ECONOMY

Euro jobless scourge seen defying leaders’ 120-bln-euro billion push

European Union leaders pondering the fruits of a 120 billion-euro ($163 billion) push to jump-start the economy and create jobs can look to data this week for evidence of how little has been achieved.

The euro-area unemployment rate probably held near a record in November at 12.1 percent, according to the median estimate in a Bloomberg News survey of economists. That report on Jan. 8 follows tomorrow’s release of December consumer-price data. Analysts see inflation hovering near the four-year low that preceded a surprise interest-rate cut a month earlier by the European Central Bank.

In December, EU leaders acknowledged their struggle to create jobs, 18 months after they unveiled the Compact for Growth and Jobs, saying unemployment remains “unacceptably high.” Governments are relying for continued support from the ECB, which may this week repeat its vow to keep its policy accommodative for “as long as necessary.”

“Unemployment is bound to remain high amid a sluggish recovery,” said Tobias Blattner, senior economist at Bank of America Merrill Lynch in London. “And with credit remaining scarce and expensive in large parts of the euro area, inflation will fail to creep higher. Deflation fears, however, are unlikely to materialize.”

The euro was little changed against the dollar today, trading at $1.3579 at 8:36 a.m. in Brussels. The Stoxx Europe 600 Index was up 0.6 percent at 327.64.

With the euro-zone economy battered by the debt crisis and slow to shake off a record-long recession, policy makers are struggling to find a recipe for growth. The ECB estimates that the euro-area economy contracted 0.4 percent in 2013 and will expand 1.1 percent this year.

Meager growth has forced European companies to shed jobs in a bid to cut costs and remain competitive. Last month, European Aeronautic, Defence and Space Co. said that it would cut 5,800 jobs in Germany, France, Spain and the U.K. Veolia Eau France said that it would open talks on about 700 voluntary departures.
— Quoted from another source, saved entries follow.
lemma subexp_bound_mult:
  assumes X: "subexp_bound Q (\<lambda>x. (X x)\<^sup>2) a" and Y: "subexp_bound Q (\<lambda>x. (Y x)\<^sup>2) b"
    and [measurable]: "X \<in> borel_measurable Q" "Y \<in> borel_measurable Q"
  shows "subexp_bound Q (\<lambda>x. X x * Y x) (sqrt (a * b))"
proof (rule subexp_bound_tendsto)
  have a: "a \<ge> 0" and b: "b \<ge> 0" using X Y by (blast intro: subexp_bound_nonneg)+
  show "((\<lambda>\<delta>. sqrt (a + \<delta>) * sqrt (b + \<delta>)) \<longlongrightarrow> sqrt (a * b)) (at_right 0)"
    by (rule tendsto_eq_intros refl | simp add: real_sqrt_mult)+
  have "subexp_bound Q (\<lambda>x. X x * Y x) (sqrt (a + \<delta>) * sqrt (b + \<delta>))" if \<delta>: "\<delta> > 0" for \<delta>
  proof -
    define p r where "p = sqrt (a + \<delta>)" and "r = sqrt (b + \<delta>)"
    have p: "p > 0" "p\<^sup>2 = a + \<delta>" and r: "r > 0" "r\<^sup>2 = b + \<delta>" using a b \<delta> by (auto simp: p_def r_def)
    have "subexp_bound Q (\<lambda>x. r / (2 * p) * (X x)\<^sup>2 + p / (2 * r) * (Y x)\<^sup>2)
        (\<bar>r / (2 * p)\<bar> * a + \<bar>p / (2 * r)\<bar> * b)"
      by (intro subexp_bound_add subexp_bound_scale X Y)
    then have S: "subexp_bound Q (\<lambda>x. r / (2 * p) * (X x)\<^sup>2 + p / (2 * r) * (Y x)\<^sup>2) (p * r)"
    proof (rule subexp_bound_mono)
      have "r / (2 * p) * a \<le> r / (2 * p) * p\<^sup>2" using p r \<delta> by (intro mult_left_mono) auto
      moreover have "p / (2 * r) * b \<le> p / (2 * r) * r\<^sup>2" using p r \<delta> by (intro mult_left_mono) auto
      moreover have "r / (2 * p) * p\<^sup>2 + p / (2 * r) * r\<^sup>2 = p * r"
        using p(1) r(1) by (simp add: power2_eq_square field_simps)
      ultimately show "\<bar>r / (2 * p)\<bar> * a + \<bar>p / (2 * r)\<bar> * b \<le> p * r" using p r by simp
    qed
    show ?thesis unfolding p_def[symmetric] r_def[symmetric]
    proof (rule subexp_bound_dominated[OF S])
      fix x
      have "0 \<le> (r * \<bar>X x\<bar> - p * \<bar>Y x\<bar>)\<^sup>2 / (2 * p * r)" using p r by simp
      also have "\<dots> = r / (2 * p) * (X x)\<^sup>2 + p / (2 * r) * (Y x)\<^sup>2 - \<bar>X x * Y x\<bar>"
        using p r by (simp add: power2_eq_square field_simps abs_mult)
      finally show "\<bar>X x * Y x\<bar> \<le> \<bar>r / (2 * p) * (X x)\<^sup>2 + p / (2 * r) * (Y x)\<^sup>2\<bar>" by simp
    qed measurable
  qed
  then show "\<forall>\<^sub>F \<delta> in at_right 0. subexp_bound Q (\<lambda>x. X x * Y x) (sqrt (a + \<delta>) * sqrt (b + \<delta>))"
    by (auto intro: eventually_at_rightI[of 0 1])
qed simp

context prob_space
begin

lemma subexp_bound_const: "subexp_bound M (\<lambda>x. a) \<bar>a\<bar>"
  unfolding subexp_bound_def
proof (intro conjI allI impI)
  fix q :: nat assume q: "q \<ge> 1"
  have "1 * \<bar>a\<bar> ^ q \<le> fact q * \<bar>a\<bar> ^ q" by (intro mult_right_mono) auto
  then show "(\<integral>x. \<bar>a\<bar> ^ q \<partial>M) \<le> fact q * \<bar>a\<bar> ^ q" by (simp add: prob_space)
qed auto

lemma subexp_bound_centered_imp_subexponential:
  assumes X: "integrable M X" and c: "subexp_bound M (\<lambda>x. X x - (\<integral>x. X x \<partial>M)) c"
  shows "subexponential M X"
proof -
  have "subexp_bound M (\<lambda>x. (X x - (\<integral>x. X x \<partial>M)) + (\<integral>x. X x \<partial>M)) (c + \<bar>\<integral>x. X x \<partial>M\<bar>)"
    by (intro subexp_bound_add c subexp_bound_const)
  then show ?thesis by (auto dest: subexp_bound_imp_subexponential)
qed

lemma subexp_bound_centered_add:
  assumes X: "integrable M X" "subexp_bound M (\<lambda>x. X x - (\<integral>x. X x \<partial>M)) a"
    and Y: "integrable M Y" "subexp_bound M (\<lambda>x. Y x - (\<integral>x. Y x \<partial>M)) b"
  shows "subexp_bound M (\<lambda>x. X x + Y x - (\<integral>x. X x + Y x \<partial>M)) (a + b)"
proof -
  have "subexp_bound M (\<lambda>x. (X x - (\<integral>x. X x \<partial>M)) + (Y x - (\<integral>x. Y x \<partial>M))) (a + b)"
    by (intro subexp_bound_add X Y)
  then show ?thesis
    by (rule subexp_bound_cong) (use X Y in \<open>auto simp: Bochner_Integration.integral_add\<close>)
qed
Such staff reductions will keep the jobless rate at 12.1 percent on average this year, before dipping in 2015, according to a Bloomberg survey of economists.

When EU leaders announced their growth and jobs initiative in June 2012, the unemployment rate was 11.4 percent. Their program of “fast-acting growth measures” included earmarking 55 billion euros of structural funds for small business and youth employment. They also added 10 billion euros to the capital of the European Investment Bank, “increasing its overall lending capacity by 60 billion euros.”

In Spain, which has the euro area’s second-highest unemployment rate, the number of jobless fell by 107,600 in December from the previous month to 4.7 million, the Labor Ministry in Madrid said last week.

By contrast, economists forecast the German jobless rate as defined by national standards, set for release tomorrow, to remain at 6.9 percent, a Bloomberg survey shows. The level comparable with other euro countries was 5.2 percent in October, the second-lowest after Austria, while Greece has the highest rate at 27.4 percent.

Euro-zone unemployment “is likely to stay at a very high level for some considerable time to come,” said Howard Archer, chief European and U.K. economist at IHS Global Insight in London. “That’s got to have a limiting impact on consumer spending, particularly when you think how weak wage growth is in most countries.”

Tomorrow’s euro-area December inflation report will probably show consumer prices grew 0.9 percent from a year earlier, the same rate as a month earlier. The EU’s statistics agency in Luxembourg will publish the inflation data at 11 a.m. local time and the unemployment numbers at the same time on Wednesday.

After cutting its main refinancing rate to a record-low 0.25 percent in November, the ECB sees “no immediate need to act” further on “encouraging signs” that the euro area’s crisis is easing, President Mario Draghi said on Dec. 28 in an interview published in Der Spiegel.

The ECB will leave its key rate unchanged on Jan. 9, according to all 50 economists in a Bloomberg News survey.

This week’s “data will likely provide a message similar to that of the previous months: low inflation in an environment of an uneven recovery,” said Jacques Cailloux, chief European economist at Nomura International Plc in London. “The ECB is getting what it expected, so it’s hard to see them responding with any kind of action. Individual economies aren’t improving at the same speed, but overall there’s no indication that the euro-area recovery is faltering.”

The nascent recovery is reflected in improving economic confidence. The European Commission will publish the results of its December survey on Jan. 9, with the gauge forecast to rise to 99.1, the highest since July 2011, according to a Bloomberg survey of economists.